[Records from a data source]
===

theorem proposition3:
  fixes M :: "'w measure"
    and X :: "nat \<Rightarrow> 'w \<Rightarrow> (nat \<Rightarrow> nat)"
    and phi :: "nat \<Rightarrow> nat list \<Rightarrow> real"
    and n :: nat and p s :: "nat \<Rightarrow> nat"
  assumes "prob_space M"
    and meas: "\<And>m. m \<ge> 1 \<Longrightarrow> X m \<in> measurable M (count_space UNIV)"
    and perm: "\<And>m \<omega>. m \<ge> 1 \<Longrightarrow> \<omega> \<in> space M \<Longrightarrow> X m \<omega> permutes {1..m}"
    and consistent: "\<And>m. m \<ge> 1 \<Longrightarrow> AE \<omega> in M. del m (X (m + 1) \<omega>) = X m \<omega>"
    and eppf: "is_EPPF phi"
    and exch: "\<And>m q. m \<ge> 1 \<Longrightarrow> q permutes {1..m} \<Longrightarrow>
        measure M {\<omega> \<in> space M. X m \<omega> = q} =
          phi m (cycle_lengths m q) / (\<Prod>l\<leftarrow>cycle_lengths m q. fact (l - 1))"
    and n: "n \<ge> 1"
    and p: "p permutes {1..n}"
    and pos: "measure M {\<omega> \<in> space M. X n \<omega> = p} > 0"
    and s: "s permutes {1..n+1}"
  shows "measure M {\<omega> \<in> space M. X (n+1) \<omega> = s \<and> X n \<omega> = p} /
           measure M {\<omega> \<in> space M. X n \<omega> = p} =
         (if s \<in> ins_set n p then
            (let c = cycle_lengths n p; k = length c; j = cycle_label s (n + 1) in
              if j \<le> k then
                (1 / real (c ! (j - 1))) * (phi (n + 1) (c[j - 1 := c ! (j - 1) + 1]) / phi n c)
              else phi (n + 1) (c @ [1]) / phi n c)
          else 0)"
proof -
  have meas_n: "X n \<in> measurable M (count_space UNIV)" "X (n+1) \<in> measurable M (count_space UNIV)"
    using meas n by simp_all
  have joint: "measure M {\<omega> \<in> space M. X (n+1) \<omega> = s \<and> X n \<omega> = p}
      = (if s \<in> ins_set n p then measure M {\<omega> \<in> space M. X (n+1) \<omega> = s} else 0)"
    using measure_Collect_conj_eq_if_AE[OF consistent[OF n] meas_n(2,1)] s
    by (simp add: ins_set_def)
  have "phi n (cycle_lengths n p) \<noteq> 0"
    using pos exch[OF n p] by auto
  then show ?thesis
    using joint exch[OF n p] exch[OF _ s] pmf_ratio_del[OF p s]
    by (simp add: ins_set_def)
qed

end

===

Work required: For this exercise, please output exactly the lines above starting at the line with "(let c = cycle_lengths" and ending at the line with "p then measure", ends included.

Finished exercise:
            (let c = cycle_lengths n p; k = length c; j = cycle_label s (n + 1) in
              if j \<le> k then
                (1 / real (c ! (j - 1))) * (phi (n + 1) (c[j - 1 := c ! (j - 1) + 1]) / phi n c)
              else phi (n + 1) (c @ [1]) / phi n c)
          else 0)"
proof -
  have meas_n: "X n \<in> measurable M (count_space UNIV)" "X (n+1) \<in> measurable M (count_space UNIV)"
    using meas n by simp_all
  have joint: "measure M {\<omega> \<in> space M. X (n+1) \<omega> = s \<and> X n \<omega> = p}
      = (if s \<in> ins_set n p then measure M {\<omega> \<in> space M. X (n+1) \<omega> = s} else 0)"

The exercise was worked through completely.